Monday, October 4, 2010

Rethinking DSpace and a couple (rhetorical) questions...

Last week I was down on DSpace. Today I logged back into it for the first time in a few days, and now I can't remember what all the fuss was about. I entered the rest of my collection - no problems. Got the workflows going - no issues. Everything seems fine. I still prefer Drupal (I like setting my own taxonomy and prefer the appearance), but I'm warming up to DSpace. A couple things do strike me as odd, however. For instance, when submitting a new item it gives three choices (more than one title, previously published, etc.), but why not a simple default with just one title? At first glance, it didn't appear that any of the choices applied to my simple collection of images. Also, must one click the license approval after each item is entered? There must be a work-around for this, because granting the license for each entry would be incredibly tedious for large collections.
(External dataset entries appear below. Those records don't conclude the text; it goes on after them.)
text \<open>After the first n moves, the rest of the outcome is an outcome of S u from the vertex u
  reached, against Max's strategy shifted by the prefix played.\<close>

lemma switch_strategy_weight:
  assumes neg: "nontarget_cycles_negative G"
    and S: "\<forall>w\<in>Vs G. valid_strategy G (VMin G) (S w)"
    and M: "\<forall>w\<in>Vs G. \<forall>sM. valid_strategy G (VMax G) sM \<longrightarrow>
      play_weight G c (outcome G (S w) sM w) \<le> ereal (of_int M)"
    and v: "v \<in> trap_set" and sM: "valid_strategy G (VMax G) sM"
  shows "\<exists>P. int (card (Vs G)) * P + int n \<le> int (card (Vs G)) * (int (card (Vs G)) * max_abs_weight + 1)
    \<and> play_weight G c (outcome G (switch_strategy S n) sM v) \<le> ereal (of_int (P + M))"
proof -
  let ?p = "outcome G (switch_strategy S n) sM v"
  define \<rho> where "\<rho> = out_prefix G (switch_strategy S n) sM v n"
  define u where "u = hlast v \<rho>"
  define P where "P = (\<Sum>i<n. wt G (?p i))"
  have vV: "v \<in> Vs G" using v trap_set_def by auto
  note p = outcome_conforming_play[OF switch_strategy_valid[OF S] sM vV]
  have "\<forall>i<n. esrc (?p i) \<in> VMin G \<longrightarrow> elet (?p i) = trap_move (esrc (?p i))"
    using p(2) hlast_play_prefix[OF p(1)] unfolding conforms_def switch_strategy_def by simp
  then have in_trap: "i \<le> n \<Longrightarrow> esrc (?p i) \<in> trap_set" for i
    using play_stays_in_trap[OF p(1) v] by blast
  have \<rho>: "\<rho> = map ?p [0..<n]" "is_path G v \<rho>"
    unfolding \<rho>_def using is_path_out_prefix[OF switch_strategy_valid[OF S] sM vV]
    by (simp_all add: out_prefix_eq_map)
  have "u \<in> trap_set"
    using in_trap[of n] hlast_play_prefix[OF p(1)] \<rho>(1) unfolding u_def by simp
  then have uV: "u \<in> Vs G" unfolding trap_set_def by simp
  have avoid: "\<forall>e\<in>set \<rho>. esrc e \<notin> VT G \<and> etgt e \<notin> VT G"
    using in_trap trap_set_not_VT p(1) \<rho>(1) unfolding is_play_def
    by (auto simp flip: Suc_le_eq)
  have "P = sum_list (map (wt G) \<rho>)"
    unfolding P_def \<rho>(1) by (simp add: interv_sum_list_conv_sum_set_nat atLeast0LessThan)
  then have bound: "int (card (Vs G)) * P + int n
      \<le> int (card (Vs G)) * (int (card (Vs G)) * max_abs_weight + 1)"
    using nontarget_path_weight[OF neg \<rho>(2) avoid] by (simp add: \<rho>(1))
  have "S u (u, es) = switch_strategy S n (v, \<rho> @ es)" for es
    using \<rho>(1) by (simp add: switch_strategy_def u_def)
  then have "?p (n + i) = outcome G (S u) (shift_strategy v \<rho> sM) u i" for i
    using outcome_add[OF \<rho>_def, of "S u" "shift_strategy v \<rho> sM"]
    by (simp add: shift_strategy_def u_def)
  then have "(\<lambda>i. ?p (n + i)) = outcome G (S u) (shift_strategy v \<rho> sM) u" by blast
  then have "play_weight G c (\<lambda>i. ?p (n + i)) \<le> ereal (of_int M)"
    using M uV shift_strategy_valid[OF sM \<rho>(2)] by simp
  moreover have "play_weight G c ?p = ereal (of_int P) + play_weight G c (\<lambda>i. ?p (n + i))"
    unfolding P_def using in_trap trap_set_not_VT by (intro play_weight_shift) auto
  ultimately have "play_weight G c ?p \<le> ereal (of_int (P + M))"
    by (metis add_left_mono plus_ereal.simps(1) of_int_add)
  with bound show ?thesis by blast
qed
(* Let $b\ge2$ be an integer, $\gamma\in(0,1)$, and let $\phi$ be a real analytic $\mathbb{Z}$-periodic function satisfying condition (H) (for all $\mathbf{i}\neq\mathbf{j}\in\Sigma$, $x\mapsto S(x,\mathbf{j})-S(x,\mathbf{i})$ is not identically zero on $[0,1]$). Then there exist $\ell_0\in\mathbb{N}$ and $\varepsilon_0>0$ such that for Lebesgue-a.e. $x\in[0,1]$ the following holds: for every integer $\ell\ge\ell_0$ there exists a set $Q_{x,\ell}\subset\mathbb{Z}_+$ such that (i) $Q_{x,\ell}$ is infinite; (ii) for every $\mathbf{w}\in\Lambda^{\ell}$ and every $n\in Q_{x,\ell}$, any two distinct points $p\neq q$ of $X^{\mathbf{w},x}_{\hat n}$ satisfy $|p-q|>\varepsilon_0^{\hat n}$, where $X^{\mathbf{w},x}_{N}=\{S(x,\mathbf{j}\mathbf{w}):\mathbf{j}\in\Lambda^{N-\ell}\}$ for $N>\ell$ and $X^{\mathbf{w},x}_N=\{0\}$ for $N\le\ell$.
   Context: $\Lambda=\{0,\dots,b-1\}$, $\Sigma=\Lambda^{\mathbb{Z}_+}$. For a word $\mathbf{j}=j_1\cdots j_p$ of length $1\le p\le\infty$ and $x\in[0,1]$, $S(x,\mathbf{j})=\sum_{n=1}^{p}\gamma^{n-1}\phi\big(\frac{x+j_1+j_2b+\cdots+j_nb^{n-1}}{b^n}\big)$; $\mathbf{j}\mathbf{w}$ denotes concatenation of words. For $n\in\mathbb{N}$, $\hat n$ is the unique integer with $\gamma^{\hat n}\le b^{-n}<\gamma^{\hat n-1}$. *)

theory Defs
  imports "HOL-Analysis.Analysis"
begin

definition real_analytic :: "(real \<Rightarrow> real) \<Rightarrow> bool" where
  "real_analytic f \<longleftrightarrow> (\<forall>x0. \<exists>r>0. \<exists>a::nat \<Rightarrow> real.
      \<forall>y. \<bar>y - x0\<bar> < r \<longrightarrow> (\<lambda>n. a n * (y - x0) ^ n) sums f y)"

text \<open>Finite words over Lambda = {0..b-1} are lists; the letter j_k is js ! (k-1).
  S(x, j) for a finite word j = j_1 ... j_p.\<close>
definition S_fin :: "nat \<Rightarrow> real \<Rightarrow> (real \<Rightarrow> real) \<Rightarrow> real \<Rightarrow> nat list \<Rightarrow> real" where
  "S_fin b \<gamma> \<phi> x js = (\<Sum>n=1..length js. \<gamma> ^ (n - 1) *
      \<phi> ((x + (\<Sum>k=1..n. real (js ! (k - 1)) * real b ^ (k - 1))) / real b ^ n))"

text \<open>Infinite words in Sigma: sequences s with j_k = s (k-1).\<close>
definition S_inf :: "nat \<Rightarrow> real \<Rightarrow> (real \<Rightarrow> real) \<Rightarrow> real \<Rightarrow> (nat \<Rightarrow> nat) \<Rightarrow> real" where
  "S_inf b \<gamma> \<phi> x s = (\<Sum>n. \<gamma> ^ n *
      \<phi> ((x + (\<Sum>k=1..Suc n. real (s (k - 1)) * real b ^ (k - 1))) / real b ^ Suc n))"

definition Sigma_b :: "nat \<Rightarrow> (nat \<Rightarrow> nat) set" where
  "Sigma_b b = {s. \<forall>k. s k < b}"

definition words :: "nat \<Rightarrow> nat \<Rightarrow> nat list set" where
  "words b m = {js. length js = m \<and> (\<forall>j\<in>set js. j < b)}"

definition cond_H :: "nat \<Rightarrow> real \<Rightarrow> (real \<Rightarrow> real) \<Rightarrow> bool" where
  "cond_H b \<gamma> \<phi> \<longleftrightarrow> (\<forall>i\<in>Sigma_b b. \<forall>j\<in>Sigma_b b. i \<noteq> j \<longrightarrow>
      (\<exists>x\<in>{0..1}. S_inf b \<gamma> \<phi> x j - S_inf b \<gamma> \<phi> x i \<noteq> 0))"

definition hat :: "nat \<Rightarrow> real \<Rightarrow> nat \<Rightarrow> int" where
  "hat b \<gamma> n = (THE k::int. \<gamma> powi k \<le> 1 / real b ^ n \<and> 1 / real b ^ n < \<gamma> powi (k - 1))"

definition Xset :: "nat \<Rightarrow> real \<Rightarrow> (real \<Rightarrow> real) \<Rightarrow> nat list \<Rightarrow> real \<Rightarrow> int \<Rightarrow> real set" where
  "Xset b \<gamma> \<phi> w x N = (if N > int (length w)
      then {S_fin b \<gamma> \<phi> x (js @ w) | js. js \<in> words b (nat (N - int (length w)))}
      else {0})"

end

(*
  Since \<phi> is real analytic and periodic, all its derivatives obey uniform Cauchy estimates
  |\<phi>^(k)| \<le> M k! R^k, so S(., s) and all its derivatives depend continuously on the digit
  sequence s \<in> \<Sigma>. For s, t \<in> \<Sigma> with different first letters, S(., s) - S(., t) is not
  identically zero by (H), hence by the identity theorem some derivative is nonzero at each point;
  compactness of \<Sigma> \<times> \<Sigma> \<times> [0,1] gives m and c > 0 such that some derivative of order at
  most m has modulus at least c, and this survives truncation to long finite words. A van der
  Corput type sublevel estimate then bounds the measure of {y. |S(y, u) - S(y, v)| < \<delta>} by
  C \<delta>^\<alpha>, uniformly in words u, v of length N \<ge> L with different first letters.

  Two distinct points of X^{w,x}_N come from words j w and j' w with a longest common prefix p;
  stripping p multiplies their difference by \<gamma>^|p| and replaces x by an affine image with slope
  b^-|p|. Summing the sublevel bound over all p and pairs of tails shows that the set of x for
  which two such points are closer than (\<gamma> \<rho>)^N has measure O(N 4^-N) for a suitable \<rho>, and
  Borel-Cantelli gives the separation for all large N, hence for all large n with N = hat n.
*)
theory Submission
  imports Defs "HOL-Library.Sublist"
begin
Now my questions, which shall go unanswered for the time being. I am enjoying the practice with digital collections, and now think I may pursue a career as a digital archivist post-graduation. What is not clear to me is exactly what degree of expertise is required to compete for these positions. I feel like DigIn is providing a good foundation, but I seriously doubt I'll exit the program ready to install/create/manage production digital collections. Is that the goal of the program? What prospects exist for those of us interested in moving toward a position where we can contribute to a project like digitalMETRO? One of the authors of that initiative graduated from DigIn - an encouraging sign. However, his job title and expertise (as evidenced by digitalMETRO) lead me to believe he has additional computer experience. If so, what did he know, and when did he know it? Because, right now, I fear that my interest and basic understanding will be established, but I'll still lack the skill set to compete for digital archivist positions.

This line of questioning probably sounds naive - "Of course, you'll need more experience before you can be a full-blown digital archivist. Take a job with a digital component, learn that, and move up!" Is that how it's done? Maybe some of this insecurity will begin to vanish when I start looking in earnest for jobs next spring. But for the time being, I'm a little worried that my experience/skills will forever be lacking when compared to people with long-standing computer experience.